What needs to be done: Filter the entries below down to the lines that hold "linarith".

Supplied material:
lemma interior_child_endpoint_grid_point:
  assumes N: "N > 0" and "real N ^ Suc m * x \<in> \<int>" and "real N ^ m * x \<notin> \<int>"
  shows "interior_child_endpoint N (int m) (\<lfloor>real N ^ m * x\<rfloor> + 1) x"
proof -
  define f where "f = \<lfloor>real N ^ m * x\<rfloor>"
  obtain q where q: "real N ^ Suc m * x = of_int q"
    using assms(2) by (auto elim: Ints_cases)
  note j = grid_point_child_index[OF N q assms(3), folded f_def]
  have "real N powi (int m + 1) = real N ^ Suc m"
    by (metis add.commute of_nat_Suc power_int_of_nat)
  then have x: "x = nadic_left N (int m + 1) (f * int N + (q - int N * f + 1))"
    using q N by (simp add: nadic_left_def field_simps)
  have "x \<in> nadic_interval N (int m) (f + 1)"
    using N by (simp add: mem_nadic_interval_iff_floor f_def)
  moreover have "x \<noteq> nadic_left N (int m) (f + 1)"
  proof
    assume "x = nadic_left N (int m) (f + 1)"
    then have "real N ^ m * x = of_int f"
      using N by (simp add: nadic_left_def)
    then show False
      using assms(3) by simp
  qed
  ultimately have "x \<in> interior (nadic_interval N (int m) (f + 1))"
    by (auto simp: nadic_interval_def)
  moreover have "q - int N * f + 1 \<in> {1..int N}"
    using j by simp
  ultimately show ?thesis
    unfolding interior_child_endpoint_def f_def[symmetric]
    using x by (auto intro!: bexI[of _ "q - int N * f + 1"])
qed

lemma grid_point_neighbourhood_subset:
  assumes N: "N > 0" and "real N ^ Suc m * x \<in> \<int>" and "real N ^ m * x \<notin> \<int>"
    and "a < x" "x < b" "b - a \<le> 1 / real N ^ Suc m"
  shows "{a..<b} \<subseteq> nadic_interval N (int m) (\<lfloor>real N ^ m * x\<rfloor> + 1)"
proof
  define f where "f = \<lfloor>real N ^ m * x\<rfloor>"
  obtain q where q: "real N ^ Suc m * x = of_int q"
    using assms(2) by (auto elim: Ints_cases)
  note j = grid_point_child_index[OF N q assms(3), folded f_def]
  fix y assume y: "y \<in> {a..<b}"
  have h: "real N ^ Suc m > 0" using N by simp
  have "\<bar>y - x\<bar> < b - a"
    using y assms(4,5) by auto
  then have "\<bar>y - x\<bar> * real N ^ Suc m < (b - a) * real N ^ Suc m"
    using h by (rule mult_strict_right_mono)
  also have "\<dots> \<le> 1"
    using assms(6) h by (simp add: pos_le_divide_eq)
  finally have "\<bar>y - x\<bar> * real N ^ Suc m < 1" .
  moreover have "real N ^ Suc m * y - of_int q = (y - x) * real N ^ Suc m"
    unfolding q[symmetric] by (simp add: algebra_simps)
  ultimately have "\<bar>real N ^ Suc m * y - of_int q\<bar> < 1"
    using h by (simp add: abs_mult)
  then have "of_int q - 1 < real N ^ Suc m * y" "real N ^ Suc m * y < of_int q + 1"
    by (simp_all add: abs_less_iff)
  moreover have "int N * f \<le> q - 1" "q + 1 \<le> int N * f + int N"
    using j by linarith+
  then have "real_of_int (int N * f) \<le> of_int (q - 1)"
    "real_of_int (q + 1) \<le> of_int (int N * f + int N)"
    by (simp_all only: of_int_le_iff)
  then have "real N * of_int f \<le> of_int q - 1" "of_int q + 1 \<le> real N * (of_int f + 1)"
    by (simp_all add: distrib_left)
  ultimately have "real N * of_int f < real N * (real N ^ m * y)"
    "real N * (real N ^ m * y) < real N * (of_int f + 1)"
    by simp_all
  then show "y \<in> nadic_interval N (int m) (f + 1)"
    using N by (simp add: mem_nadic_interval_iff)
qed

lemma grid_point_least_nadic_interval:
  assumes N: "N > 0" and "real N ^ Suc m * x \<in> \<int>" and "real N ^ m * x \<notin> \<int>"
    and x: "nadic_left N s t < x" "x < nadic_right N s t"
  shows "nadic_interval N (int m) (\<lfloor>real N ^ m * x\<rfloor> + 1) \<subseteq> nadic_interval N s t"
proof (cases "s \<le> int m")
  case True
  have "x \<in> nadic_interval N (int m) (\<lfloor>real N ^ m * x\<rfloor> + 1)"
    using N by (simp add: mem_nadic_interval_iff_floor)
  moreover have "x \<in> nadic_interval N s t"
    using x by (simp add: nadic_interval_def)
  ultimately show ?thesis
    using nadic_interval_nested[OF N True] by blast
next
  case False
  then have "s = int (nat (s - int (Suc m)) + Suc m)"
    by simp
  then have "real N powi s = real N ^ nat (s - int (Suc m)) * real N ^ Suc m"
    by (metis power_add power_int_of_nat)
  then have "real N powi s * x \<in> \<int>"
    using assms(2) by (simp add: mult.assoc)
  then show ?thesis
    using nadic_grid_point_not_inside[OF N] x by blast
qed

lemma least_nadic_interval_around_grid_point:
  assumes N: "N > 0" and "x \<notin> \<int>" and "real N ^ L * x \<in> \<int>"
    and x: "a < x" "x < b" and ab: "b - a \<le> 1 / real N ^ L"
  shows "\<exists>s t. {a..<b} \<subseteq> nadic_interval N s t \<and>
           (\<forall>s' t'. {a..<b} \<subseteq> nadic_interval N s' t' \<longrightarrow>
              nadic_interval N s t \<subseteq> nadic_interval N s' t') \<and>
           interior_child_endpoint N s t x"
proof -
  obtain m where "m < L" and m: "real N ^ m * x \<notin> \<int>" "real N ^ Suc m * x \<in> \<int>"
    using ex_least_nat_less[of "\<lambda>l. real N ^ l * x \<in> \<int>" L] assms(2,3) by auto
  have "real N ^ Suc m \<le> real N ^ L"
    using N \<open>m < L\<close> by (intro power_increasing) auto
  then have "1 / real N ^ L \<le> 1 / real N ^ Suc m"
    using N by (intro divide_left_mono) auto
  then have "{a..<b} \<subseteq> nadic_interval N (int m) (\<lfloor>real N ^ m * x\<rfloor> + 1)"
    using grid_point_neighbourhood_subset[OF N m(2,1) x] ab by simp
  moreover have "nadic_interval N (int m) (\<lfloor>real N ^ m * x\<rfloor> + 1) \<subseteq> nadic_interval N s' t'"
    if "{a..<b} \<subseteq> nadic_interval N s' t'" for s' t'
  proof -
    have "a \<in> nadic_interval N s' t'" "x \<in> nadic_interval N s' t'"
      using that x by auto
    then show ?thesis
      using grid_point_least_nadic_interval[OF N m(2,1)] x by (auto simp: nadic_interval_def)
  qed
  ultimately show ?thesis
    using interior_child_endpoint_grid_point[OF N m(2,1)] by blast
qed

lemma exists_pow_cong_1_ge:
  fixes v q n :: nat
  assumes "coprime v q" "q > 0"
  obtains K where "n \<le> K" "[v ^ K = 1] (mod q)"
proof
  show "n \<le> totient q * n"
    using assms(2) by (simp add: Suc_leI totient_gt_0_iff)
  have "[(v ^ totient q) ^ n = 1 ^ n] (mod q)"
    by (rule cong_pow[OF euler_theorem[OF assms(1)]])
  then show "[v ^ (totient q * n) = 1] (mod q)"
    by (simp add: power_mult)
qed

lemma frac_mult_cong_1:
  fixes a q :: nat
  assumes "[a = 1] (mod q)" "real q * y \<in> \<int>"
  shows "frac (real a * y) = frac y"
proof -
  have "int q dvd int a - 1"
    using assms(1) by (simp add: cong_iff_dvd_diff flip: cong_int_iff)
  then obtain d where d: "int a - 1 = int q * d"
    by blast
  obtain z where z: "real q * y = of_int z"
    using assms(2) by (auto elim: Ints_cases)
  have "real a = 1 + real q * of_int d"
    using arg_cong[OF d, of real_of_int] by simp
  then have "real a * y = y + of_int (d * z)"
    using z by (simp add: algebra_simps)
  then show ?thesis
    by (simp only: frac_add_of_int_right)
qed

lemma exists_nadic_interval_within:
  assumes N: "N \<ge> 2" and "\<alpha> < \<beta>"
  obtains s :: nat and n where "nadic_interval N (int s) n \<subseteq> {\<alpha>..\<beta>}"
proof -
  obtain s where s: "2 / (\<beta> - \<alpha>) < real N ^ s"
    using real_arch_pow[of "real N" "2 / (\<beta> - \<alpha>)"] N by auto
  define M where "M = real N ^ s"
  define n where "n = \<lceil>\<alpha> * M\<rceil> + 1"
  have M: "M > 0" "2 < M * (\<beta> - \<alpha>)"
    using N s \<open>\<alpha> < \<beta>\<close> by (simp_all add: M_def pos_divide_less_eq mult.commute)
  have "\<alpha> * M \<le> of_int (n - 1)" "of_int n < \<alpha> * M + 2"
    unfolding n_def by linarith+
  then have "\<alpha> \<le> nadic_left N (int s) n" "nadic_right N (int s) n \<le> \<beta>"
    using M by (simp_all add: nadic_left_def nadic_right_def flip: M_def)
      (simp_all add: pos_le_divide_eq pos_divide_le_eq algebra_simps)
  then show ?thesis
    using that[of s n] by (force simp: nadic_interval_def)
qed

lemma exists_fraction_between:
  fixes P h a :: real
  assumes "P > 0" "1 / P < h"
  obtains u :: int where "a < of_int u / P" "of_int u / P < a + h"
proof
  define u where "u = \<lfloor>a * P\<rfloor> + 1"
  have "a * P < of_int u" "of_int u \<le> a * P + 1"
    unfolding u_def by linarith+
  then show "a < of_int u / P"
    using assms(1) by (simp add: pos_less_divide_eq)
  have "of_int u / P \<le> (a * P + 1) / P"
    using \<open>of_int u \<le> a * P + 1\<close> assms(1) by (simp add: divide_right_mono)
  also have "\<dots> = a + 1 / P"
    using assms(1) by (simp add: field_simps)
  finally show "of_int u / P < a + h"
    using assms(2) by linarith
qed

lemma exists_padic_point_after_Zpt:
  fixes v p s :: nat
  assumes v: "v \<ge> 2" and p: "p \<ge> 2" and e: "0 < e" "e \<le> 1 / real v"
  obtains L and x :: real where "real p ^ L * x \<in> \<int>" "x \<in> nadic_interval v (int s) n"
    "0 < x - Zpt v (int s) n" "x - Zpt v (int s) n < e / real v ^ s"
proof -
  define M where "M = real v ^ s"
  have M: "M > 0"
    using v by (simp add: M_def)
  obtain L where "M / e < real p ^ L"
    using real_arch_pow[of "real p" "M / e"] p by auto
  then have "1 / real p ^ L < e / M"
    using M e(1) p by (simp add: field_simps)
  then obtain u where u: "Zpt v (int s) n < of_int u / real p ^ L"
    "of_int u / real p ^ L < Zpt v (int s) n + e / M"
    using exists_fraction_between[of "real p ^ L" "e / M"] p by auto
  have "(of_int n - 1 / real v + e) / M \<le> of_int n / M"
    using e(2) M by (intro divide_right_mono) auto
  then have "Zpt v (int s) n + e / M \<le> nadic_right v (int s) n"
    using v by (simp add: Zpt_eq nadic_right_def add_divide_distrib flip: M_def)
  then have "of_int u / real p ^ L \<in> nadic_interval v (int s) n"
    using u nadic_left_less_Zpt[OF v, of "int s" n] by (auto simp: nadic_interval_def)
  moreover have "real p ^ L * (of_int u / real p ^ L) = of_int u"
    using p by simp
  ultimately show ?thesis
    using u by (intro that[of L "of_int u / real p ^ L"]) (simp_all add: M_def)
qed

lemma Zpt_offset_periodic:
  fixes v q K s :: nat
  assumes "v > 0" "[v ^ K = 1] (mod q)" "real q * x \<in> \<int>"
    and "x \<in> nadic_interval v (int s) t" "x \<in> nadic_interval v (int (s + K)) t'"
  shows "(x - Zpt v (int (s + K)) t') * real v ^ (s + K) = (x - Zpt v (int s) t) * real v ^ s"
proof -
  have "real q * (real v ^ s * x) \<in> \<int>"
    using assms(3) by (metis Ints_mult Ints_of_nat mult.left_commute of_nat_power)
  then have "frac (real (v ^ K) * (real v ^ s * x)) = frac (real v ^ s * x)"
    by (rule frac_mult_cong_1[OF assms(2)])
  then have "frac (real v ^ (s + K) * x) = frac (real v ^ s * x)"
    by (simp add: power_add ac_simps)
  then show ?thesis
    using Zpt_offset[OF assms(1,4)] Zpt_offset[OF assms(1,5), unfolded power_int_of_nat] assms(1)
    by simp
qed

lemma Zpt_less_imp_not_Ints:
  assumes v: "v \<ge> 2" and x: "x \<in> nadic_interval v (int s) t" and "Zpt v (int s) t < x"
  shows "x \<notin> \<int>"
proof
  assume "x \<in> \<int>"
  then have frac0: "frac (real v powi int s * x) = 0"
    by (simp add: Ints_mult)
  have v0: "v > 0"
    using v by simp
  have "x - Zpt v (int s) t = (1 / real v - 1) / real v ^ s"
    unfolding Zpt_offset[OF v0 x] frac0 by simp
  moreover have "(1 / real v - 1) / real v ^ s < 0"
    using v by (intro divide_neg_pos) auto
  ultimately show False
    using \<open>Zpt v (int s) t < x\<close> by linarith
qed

* * *

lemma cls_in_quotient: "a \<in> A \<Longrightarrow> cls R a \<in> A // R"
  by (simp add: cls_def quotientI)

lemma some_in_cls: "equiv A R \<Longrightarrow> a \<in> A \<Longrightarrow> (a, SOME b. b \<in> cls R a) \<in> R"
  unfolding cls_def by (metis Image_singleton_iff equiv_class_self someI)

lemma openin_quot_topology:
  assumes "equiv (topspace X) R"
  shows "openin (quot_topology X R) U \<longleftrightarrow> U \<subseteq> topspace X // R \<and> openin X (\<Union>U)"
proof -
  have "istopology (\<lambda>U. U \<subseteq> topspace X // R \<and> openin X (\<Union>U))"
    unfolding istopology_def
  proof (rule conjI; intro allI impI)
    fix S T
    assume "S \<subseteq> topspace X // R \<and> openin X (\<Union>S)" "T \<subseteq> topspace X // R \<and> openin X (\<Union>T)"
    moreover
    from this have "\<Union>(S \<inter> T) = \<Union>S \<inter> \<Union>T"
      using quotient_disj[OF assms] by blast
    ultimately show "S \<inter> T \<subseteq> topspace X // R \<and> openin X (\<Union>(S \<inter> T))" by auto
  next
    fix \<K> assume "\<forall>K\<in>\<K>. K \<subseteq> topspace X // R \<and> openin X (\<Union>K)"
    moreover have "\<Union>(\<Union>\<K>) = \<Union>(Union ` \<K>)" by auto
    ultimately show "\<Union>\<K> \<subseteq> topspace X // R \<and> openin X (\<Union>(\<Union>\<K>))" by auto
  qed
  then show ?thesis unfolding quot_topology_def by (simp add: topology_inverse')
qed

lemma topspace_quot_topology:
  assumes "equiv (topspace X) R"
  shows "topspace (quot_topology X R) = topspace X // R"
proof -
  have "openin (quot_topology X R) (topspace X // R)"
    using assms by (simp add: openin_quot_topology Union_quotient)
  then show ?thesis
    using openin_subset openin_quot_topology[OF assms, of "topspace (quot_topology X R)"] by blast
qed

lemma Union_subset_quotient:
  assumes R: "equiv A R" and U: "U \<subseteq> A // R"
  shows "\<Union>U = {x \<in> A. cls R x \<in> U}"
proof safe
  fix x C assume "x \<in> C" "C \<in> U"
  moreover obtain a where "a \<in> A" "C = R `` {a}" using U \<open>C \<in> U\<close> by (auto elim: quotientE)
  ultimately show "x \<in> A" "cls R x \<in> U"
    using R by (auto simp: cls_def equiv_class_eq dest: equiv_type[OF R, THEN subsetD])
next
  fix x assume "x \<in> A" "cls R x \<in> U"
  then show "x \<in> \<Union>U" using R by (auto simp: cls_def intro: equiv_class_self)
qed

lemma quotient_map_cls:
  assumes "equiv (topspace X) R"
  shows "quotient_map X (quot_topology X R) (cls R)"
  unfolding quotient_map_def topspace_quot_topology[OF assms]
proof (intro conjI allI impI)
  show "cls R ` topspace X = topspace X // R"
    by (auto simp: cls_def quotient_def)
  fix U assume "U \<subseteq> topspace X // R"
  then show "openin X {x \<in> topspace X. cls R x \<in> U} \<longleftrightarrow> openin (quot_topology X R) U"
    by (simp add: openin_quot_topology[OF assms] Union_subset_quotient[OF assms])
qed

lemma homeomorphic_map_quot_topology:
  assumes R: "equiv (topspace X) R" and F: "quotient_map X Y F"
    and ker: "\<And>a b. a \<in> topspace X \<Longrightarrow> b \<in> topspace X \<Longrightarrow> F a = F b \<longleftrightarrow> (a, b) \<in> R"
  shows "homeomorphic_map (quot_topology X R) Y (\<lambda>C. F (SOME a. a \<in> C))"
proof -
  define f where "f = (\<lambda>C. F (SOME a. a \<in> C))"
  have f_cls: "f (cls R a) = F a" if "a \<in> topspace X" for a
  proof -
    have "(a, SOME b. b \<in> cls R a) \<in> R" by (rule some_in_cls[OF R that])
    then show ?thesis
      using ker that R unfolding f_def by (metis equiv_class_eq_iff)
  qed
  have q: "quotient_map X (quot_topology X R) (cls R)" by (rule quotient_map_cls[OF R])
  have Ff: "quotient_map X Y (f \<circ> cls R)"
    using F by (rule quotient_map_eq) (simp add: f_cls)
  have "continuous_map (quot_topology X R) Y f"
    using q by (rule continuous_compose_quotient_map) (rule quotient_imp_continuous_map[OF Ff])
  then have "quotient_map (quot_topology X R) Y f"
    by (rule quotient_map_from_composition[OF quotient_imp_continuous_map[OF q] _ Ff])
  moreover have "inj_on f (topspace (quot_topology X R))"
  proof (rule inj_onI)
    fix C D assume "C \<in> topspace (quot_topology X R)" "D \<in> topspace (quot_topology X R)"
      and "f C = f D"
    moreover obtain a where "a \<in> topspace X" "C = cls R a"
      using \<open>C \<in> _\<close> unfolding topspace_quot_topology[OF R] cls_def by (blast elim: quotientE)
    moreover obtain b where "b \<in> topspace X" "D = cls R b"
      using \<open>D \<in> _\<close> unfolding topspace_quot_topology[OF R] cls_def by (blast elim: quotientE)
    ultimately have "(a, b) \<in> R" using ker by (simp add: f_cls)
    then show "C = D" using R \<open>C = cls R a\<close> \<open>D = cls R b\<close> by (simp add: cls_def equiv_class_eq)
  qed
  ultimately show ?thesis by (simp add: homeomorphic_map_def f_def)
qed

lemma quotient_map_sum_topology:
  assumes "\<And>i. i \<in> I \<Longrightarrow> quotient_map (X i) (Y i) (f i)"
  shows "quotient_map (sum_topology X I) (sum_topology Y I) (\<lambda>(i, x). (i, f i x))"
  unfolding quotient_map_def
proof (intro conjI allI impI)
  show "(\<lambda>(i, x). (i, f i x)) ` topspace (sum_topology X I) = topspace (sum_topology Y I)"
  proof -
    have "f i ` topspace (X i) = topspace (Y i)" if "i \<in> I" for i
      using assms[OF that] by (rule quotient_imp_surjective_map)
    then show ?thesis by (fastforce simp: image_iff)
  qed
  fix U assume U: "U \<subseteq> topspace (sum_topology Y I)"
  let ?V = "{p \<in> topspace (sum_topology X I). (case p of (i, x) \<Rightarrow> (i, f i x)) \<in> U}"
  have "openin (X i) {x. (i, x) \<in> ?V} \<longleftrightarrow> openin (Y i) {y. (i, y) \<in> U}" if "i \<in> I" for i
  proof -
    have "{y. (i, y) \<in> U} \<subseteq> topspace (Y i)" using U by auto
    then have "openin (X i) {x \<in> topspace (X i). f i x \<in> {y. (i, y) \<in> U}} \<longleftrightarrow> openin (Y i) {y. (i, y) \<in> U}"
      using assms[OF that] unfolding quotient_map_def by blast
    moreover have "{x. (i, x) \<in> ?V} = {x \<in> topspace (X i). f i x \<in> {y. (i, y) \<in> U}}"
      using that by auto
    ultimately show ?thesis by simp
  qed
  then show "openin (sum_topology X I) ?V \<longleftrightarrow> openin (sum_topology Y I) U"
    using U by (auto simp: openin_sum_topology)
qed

Result of the exercise:
    using j by linarith+
    unfolding n_def by linarith+
    unfolding u_def by linarith+
    using assms(2) by linarith
    using \<open>Zpt v (int s) t < x\<close> by linarith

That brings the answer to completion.